Exercise brief | Pull out from the material below all lines with "arbitrary".
----
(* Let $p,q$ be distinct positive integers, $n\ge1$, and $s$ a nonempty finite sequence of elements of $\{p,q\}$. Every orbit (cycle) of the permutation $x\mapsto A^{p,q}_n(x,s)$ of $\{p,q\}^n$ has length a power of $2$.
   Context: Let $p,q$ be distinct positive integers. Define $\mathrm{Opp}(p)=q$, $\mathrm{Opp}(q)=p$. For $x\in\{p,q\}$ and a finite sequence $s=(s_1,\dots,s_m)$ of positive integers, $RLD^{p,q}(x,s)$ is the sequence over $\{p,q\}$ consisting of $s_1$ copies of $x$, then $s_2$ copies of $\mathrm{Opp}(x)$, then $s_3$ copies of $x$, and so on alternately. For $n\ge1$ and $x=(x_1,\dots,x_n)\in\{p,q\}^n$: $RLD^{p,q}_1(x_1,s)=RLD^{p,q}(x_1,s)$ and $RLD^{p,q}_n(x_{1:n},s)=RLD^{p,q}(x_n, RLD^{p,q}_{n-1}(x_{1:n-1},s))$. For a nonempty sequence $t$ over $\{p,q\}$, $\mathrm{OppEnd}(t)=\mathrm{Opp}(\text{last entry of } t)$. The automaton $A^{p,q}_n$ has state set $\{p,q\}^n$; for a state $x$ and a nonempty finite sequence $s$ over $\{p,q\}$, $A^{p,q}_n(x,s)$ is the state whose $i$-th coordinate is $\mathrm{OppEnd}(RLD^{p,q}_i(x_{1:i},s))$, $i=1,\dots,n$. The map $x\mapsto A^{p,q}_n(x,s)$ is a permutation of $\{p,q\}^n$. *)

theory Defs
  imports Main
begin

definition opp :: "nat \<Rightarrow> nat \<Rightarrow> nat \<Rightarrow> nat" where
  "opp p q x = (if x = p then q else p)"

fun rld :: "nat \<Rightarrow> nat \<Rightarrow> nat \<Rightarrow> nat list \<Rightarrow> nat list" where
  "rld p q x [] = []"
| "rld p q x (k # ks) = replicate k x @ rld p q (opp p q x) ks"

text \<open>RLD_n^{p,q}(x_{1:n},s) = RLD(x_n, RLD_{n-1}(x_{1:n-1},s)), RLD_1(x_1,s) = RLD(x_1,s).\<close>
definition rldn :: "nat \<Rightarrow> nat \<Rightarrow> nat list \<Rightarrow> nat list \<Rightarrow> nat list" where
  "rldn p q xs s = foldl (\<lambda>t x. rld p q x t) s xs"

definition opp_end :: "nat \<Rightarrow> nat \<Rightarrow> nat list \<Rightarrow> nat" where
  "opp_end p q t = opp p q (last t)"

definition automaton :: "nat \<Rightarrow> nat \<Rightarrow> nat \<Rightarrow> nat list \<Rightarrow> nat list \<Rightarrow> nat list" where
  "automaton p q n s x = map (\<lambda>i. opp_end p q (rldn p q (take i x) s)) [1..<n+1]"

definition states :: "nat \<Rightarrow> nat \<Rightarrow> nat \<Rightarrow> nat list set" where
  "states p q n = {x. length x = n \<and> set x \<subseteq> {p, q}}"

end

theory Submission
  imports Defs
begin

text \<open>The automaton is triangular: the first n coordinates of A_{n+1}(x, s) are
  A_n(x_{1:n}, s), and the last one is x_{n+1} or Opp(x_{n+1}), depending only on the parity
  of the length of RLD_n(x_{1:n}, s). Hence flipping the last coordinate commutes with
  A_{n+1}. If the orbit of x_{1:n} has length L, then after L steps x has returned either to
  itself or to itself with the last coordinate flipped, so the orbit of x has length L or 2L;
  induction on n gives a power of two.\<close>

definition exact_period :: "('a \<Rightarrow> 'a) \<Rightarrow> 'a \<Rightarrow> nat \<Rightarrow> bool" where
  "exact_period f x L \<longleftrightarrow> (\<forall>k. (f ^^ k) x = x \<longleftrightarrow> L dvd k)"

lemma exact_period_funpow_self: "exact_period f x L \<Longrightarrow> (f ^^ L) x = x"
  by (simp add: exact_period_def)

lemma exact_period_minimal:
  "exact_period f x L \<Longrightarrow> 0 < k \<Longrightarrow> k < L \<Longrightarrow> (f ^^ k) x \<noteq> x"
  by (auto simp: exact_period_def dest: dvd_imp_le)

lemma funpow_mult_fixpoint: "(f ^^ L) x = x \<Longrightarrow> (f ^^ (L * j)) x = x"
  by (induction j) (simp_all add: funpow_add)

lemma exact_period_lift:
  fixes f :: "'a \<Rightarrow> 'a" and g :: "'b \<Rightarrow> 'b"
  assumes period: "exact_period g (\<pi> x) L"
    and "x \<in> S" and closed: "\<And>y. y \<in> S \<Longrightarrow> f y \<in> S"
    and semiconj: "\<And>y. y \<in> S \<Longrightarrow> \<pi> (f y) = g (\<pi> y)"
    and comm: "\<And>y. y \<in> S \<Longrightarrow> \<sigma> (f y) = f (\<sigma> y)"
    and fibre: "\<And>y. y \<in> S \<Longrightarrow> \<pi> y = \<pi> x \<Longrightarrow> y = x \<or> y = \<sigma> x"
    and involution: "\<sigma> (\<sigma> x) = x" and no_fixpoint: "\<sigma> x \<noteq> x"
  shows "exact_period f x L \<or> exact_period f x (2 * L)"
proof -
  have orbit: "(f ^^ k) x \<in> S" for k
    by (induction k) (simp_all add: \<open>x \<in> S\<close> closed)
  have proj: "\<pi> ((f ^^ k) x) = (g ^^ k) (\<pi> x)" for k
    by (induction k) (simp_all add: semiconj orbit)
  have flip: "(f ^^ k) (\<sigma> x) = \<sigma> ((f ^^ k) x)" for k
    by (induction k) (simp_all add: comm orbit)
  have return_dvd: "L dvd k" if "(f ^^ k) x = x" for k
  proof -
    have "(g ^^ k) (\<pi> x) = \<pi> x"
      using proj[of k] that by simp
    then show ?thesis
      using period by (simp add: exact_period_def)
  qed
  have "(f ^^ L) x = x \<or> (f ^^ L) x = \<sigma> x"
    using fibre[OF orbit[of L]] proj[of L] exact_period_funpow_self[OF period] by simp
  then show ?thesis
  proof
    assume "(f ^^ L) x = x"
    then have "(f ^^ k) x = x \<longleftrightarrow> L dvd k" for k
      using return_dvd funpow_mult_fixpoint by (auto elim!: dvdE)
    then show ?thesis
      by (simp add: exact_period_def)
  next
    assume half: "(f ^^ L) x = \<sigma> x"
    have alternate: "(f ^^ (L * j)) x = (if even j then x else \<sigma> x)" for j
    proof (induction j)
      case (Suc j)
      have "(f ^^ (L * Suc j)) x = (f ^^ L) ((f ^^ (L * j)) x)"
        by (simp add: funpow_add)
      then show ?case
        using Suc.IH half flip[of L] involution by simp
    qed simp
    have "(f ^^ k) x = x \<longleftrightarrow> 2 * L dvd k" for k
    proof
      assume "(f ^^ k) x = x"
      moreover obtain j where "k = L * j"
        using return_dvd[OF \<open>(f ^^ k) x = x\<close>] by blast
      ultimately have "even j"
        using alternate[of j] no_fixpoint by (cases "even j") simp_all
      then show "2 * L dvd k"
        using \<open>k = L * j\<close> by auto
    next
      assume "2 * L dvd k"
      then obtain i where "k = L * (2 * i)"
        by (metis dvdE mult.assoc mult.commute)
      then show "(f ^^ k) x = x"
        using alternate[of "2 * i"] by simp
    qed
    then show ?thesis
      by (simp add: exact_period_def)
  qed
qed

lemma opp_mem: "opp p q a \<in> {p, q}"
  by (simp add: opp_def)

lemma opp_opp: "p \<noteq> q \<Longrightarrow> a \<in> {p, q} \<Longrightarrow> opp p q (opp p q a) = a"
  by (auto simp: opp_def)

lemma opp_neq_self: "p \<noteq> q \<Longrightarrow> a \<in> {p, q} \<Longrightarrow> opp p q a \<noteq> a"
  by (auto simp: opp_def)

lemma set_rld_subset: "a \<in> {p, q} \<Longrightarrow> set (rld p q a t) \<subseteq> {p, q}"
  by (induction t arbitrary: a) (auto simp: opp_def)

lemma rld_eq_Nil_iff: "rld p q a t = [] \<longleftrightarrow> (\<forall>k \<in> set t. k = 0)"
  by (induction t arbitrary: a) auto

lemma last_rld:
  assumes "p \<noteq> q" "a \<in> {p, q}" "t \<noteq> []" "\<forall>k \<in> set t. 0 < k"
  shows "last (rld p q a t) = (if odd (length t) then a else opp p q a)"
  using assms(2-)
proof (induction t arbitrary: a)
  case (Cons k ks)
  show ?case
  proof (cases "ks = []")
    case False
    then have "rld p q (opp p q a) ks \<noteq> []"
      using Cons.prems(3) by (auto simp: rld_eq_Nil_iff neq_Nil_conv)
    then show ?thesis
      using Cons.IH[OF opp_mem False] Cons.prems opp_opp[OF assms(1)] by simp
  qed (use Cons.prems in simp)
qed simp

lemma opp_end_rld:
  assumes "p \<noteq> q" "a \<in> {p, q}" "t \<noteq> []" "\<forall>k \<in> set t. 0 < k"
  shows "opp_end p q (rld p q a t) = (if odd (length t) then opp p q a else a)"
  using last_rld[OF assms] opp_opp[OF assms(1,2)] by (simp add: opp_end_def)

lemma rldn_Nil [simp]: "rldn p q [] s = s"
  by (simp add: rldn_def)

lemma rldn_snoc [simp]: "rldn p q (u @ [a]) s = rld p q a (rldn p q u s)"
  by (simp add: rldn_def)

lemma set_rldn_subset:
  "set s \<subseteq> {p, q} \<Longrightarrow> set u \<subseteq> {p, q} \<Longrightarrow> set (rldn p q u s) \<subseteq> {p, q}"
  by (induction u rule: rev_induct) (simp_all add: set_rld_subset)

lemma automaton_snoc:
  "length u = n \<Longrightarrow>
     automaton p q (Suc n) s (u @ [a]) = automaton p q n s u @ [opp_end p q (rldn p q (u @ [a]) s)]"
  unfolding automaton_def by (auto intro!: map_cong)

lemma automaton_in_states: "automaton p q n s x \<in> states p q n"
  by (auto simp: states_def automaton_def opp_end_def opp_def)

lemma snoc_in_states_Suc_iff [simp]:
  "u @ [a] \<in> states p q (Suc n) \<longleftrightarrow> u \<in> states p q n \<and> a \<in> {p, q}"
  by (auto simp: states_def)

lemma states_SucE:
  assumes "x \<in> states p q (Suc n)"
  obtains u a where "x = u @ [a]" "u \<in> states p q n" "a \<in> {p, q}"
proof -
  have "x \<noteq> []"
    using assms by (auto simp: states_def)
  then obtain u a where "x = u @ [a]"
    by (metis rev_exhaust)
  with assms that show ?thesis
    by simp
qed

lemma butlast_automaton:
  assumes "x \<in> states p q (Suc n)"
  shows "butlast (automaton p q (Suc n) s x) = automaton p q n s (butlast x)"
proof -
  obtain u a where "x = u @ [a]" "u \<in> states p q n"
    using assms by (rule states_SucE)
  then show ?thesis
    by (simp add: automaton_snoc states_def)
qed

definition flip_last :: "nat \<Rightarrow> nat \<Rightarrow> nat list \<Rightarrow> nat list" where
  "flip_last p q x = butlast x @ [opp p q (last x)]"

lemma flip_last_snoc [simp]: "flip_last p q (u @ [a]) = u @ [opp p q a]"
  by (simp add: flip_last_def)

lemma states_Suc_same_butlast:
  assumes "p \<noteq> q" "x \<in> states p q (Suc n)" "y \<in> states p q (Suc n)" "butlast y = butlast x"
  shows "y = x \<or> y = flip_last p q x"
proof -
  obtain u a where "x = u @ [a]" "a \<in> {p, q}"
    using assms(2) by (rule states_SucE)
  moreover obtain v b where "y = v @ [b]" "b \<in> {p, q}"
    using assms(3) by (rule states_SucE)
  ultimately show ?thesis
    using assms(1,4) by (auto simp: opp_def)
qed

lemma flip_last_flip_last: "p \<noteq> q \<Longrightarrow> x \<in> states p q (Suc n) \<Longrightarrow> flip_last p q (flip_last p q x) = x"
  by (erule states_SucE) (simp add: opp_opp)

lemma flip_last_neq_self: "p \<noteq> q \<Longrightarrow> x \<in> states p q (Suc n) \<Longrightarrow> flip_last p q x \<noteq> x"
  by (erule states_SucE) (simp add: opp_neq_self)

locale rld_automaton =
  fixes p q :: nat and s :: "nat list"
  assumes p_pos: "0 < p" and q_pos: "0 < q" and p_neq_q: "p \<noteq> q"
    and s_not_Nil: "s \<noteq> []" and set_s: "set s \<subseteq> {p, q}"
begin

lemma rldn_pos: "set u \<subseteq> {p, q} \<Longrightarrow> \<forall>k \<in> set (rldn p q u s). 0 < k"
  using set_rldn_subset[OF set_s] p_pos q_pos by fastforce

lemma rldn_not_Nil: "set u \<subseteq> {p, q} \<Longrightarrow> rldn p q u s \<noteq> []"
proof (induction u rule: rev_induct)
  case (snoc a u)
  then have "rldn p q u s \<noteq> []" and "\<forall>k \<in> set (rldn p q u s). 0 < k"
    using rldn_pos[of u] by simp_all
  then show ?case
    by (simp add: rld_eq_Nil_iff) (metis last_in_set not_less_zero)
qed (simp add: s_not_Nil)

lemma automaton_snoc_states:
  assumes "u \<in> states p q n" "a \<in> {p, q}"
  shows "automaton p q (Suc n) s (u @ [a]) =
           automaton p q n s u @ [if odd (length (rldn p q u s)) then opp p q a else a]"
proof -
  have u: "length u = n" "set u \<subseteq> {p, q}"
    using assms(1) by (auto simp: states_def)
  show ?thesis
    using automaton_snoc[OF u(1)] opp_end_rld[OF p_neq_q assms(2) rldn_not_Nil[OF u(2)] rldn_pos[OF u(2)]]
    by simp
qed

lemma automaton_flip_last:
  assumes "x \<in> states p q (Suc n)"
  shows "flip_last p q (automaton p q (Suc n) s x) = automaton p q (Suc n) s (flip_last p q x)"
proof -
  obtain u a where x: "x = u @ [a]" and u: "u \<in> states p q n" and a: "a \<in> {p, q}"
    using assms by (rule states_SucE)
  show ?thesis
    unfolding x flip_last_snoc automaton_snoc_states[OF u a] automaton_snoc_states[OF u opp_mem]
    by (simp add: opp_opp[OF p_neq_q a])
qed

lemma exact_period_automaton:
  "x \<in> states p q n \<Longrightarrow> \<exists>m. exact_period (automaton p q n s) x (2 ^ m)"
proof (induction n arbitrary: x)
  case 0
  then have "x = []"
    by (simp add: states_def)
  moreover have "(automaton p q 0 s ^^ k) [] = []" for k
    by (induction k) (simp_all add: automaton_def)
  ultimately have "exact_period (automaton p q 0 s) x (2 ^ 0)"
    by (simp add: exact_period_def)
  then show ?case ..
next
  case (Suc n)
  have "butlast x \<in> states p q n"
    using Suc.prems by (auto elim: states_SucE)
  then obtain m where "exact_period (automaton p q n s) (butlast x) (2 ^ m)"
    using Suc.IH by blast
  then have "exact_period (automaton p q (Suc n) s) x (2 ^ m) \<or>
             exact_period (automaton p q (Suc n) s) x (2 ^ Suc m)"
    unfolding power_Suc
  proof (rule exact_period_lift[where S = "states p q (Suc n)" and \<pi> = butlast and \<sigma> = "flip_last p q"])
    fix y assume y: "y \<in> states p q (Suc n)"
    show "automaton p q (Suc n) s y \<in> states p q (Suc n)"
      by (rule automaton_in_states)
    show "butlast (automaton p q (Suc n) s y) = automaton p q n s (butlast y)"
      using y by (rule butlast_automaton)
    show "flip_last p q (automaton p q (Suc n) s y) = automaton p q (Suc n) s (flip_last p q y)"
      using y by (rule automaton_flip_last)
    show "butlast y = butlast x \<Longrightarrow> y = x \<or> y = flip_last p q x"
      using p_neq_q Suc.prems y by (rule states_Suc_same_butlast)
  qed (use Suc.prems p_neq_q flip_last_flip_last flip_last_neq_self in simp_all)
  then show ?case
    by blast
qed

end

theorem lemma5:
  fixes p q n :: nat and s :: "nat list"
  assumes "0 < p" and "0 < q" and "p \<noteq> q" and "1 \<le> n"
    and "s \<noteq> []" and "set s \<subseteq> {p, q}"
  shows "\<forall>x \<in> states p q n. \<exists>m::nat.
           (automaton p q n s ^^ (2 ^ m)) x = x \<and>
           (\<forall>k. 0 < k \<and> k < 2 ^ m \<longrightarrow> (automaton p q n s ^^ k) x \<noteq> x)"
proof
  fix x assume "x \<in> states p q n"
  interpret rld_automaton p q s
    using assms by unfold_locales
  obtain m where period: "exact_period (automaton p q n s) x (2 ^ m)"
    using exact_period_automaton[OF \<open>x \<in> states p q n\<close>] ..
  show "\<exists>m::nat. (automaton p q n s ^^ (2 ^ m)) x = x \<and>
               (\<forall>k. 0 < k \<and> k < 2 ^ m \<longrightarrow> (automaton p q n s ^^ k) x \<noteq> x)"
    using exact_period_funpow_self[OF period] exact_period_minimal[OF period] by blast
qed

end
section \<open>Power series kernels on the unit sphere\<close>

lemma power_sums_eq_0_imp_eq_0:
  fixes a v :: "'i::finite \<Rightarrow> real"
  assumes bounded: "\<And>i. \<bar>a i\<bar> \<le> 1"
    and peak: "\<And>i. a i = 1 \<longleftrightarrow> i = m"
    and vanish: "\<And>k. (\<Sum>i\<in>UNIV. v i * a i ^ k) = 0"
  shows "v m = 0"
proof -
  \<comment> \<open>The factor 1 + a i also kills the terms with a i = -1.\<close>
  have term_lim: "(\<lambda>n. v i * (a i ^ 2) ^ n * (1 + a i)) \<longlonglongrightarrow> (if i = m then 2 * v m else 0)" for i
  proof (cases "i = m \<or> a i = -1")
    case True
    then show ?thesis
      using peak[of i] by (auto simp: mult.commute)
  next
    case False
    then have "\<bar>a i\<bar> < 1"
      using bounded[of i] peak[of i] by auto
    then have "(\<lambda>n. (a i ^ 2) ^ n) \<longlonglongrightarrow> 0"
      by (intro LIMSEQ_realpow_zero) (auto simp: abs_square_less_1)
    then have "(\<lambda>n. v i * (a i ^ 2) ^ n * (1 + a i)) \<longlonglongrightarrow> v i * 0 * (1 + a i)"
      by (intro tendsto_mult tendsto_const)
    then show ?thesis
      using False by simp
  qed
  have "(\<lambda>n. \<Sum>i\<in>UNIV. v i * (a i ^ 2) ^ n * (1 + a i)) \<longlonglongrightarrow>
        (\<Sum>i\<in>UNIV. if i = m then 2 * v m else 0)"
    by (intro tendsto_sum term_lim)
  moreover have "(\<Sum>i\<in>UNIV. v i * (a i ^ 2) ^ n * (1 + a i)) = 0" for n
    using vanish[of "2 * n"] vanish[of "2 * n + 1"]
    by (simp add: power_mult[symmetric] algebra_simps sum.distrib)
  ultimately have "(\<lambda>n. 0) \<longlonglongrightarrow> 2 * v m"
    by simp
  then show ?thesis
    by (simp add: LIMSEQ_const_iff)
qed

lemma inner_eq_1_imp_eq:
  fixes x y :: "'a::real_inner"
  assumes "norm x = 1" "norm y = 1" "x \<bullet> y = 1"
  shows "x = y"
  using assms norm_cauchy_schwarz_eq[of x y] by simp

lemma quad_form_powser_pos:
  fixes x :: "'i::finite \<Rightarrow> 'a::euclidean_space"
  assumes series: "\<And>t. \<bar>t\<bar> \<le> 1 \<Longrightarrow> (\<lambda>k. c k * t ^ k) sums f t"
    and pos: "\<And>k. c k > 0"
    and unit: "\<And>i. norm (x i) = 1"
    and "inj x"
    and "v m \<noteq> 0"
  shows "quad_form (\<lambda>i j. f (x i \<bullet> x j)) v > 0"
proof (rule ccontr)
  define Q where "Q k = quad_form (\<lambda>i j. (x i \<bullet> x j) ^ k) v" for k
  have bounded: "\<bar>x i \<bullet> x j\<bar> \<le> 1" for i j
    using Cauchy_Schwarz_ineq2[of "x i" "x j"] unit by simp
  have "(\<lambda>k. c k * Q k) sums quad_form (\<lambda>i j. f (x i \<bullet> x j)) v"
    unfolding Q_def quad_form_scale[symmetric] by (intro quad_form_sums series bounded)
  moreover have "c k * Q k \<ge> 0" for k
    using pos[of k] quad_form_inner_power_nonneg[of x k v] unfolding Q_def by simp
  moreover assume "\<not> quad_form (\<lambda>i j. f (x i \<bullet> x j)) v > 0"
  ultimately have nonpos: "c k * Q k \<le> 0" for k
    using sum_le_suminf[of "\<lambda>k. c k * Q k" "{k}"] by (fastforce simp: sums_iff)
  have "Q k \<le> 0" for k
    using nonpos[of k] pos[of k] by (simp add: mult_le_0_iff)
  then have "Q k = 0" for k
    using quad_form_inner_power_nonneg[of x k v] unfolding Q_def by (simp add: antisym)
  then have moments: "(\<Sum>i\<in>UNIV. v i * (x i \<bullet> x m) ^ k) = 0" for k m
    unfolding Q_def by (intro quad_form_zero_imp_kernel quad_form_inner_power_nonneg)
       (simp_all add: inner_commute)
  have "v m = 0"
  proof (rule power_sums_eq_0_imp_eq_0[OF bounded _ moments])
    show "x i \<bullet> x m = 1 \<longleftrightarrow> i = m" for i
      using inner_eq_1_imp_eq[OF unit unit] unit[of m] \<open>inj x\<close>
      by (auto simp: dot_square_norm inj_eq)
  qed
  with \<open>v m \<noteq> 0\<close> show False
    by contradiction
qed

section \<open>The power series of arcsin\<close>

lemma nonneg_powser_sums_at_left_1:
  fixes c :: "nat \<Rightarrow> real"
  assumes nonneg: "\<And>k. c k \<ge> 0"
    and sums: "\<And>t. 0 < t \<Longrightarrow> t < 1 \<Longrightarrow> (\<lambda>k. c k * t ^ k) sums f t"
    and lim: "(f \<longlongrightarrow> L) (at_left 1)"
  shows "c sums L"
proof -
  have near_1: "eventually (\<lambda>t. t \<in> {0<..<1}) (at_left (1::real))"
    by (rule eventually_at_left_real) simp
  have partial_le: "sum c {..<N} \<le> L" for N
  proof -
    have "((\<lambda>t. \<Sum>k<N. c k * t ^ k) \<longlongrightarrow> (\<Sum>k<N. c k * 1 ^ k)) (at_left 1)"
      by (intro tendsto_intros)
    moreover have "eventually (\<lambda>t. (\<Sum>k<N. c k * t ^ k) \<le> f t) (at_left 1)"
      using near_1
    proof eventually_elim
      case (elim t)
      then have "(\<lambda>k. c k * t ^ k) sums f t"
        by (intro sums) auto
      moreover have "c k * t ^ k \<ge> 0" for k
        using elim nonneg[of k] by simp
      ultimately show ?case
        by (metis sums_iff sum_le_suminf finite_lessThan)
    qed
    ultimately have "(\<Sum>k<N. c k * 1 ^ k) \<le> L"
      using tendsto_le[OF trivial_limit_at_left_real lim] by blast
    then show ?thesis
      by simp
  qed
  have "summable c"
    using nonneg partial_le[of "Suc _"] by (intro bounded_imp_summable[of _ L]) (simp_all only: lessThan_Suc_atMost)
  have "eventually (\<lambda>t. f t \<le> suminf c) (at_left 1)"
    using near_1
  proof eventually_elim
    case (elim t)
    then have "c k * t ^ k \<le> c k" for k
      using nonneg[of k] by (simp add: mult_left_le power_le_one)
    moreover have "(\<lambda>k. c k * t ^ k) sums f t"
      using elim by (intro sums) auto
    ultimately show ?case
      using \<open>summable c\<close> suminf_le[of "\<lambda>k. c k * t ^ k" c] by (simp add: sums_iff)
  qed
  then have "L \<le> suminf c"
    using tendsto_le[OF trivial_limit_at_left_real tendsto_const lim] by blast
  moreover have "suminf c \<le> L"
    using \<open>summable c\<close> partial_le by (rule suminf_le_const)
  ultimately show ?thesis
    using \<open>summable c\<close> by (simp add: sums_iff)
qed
----
Expected output |
  by (induction t arbitrary: a) (auto simp: opp_def)
  by (induction t arbitrary: a) auto
proof (induction t arbitrary: a)
proof (induction n arbitrary: x)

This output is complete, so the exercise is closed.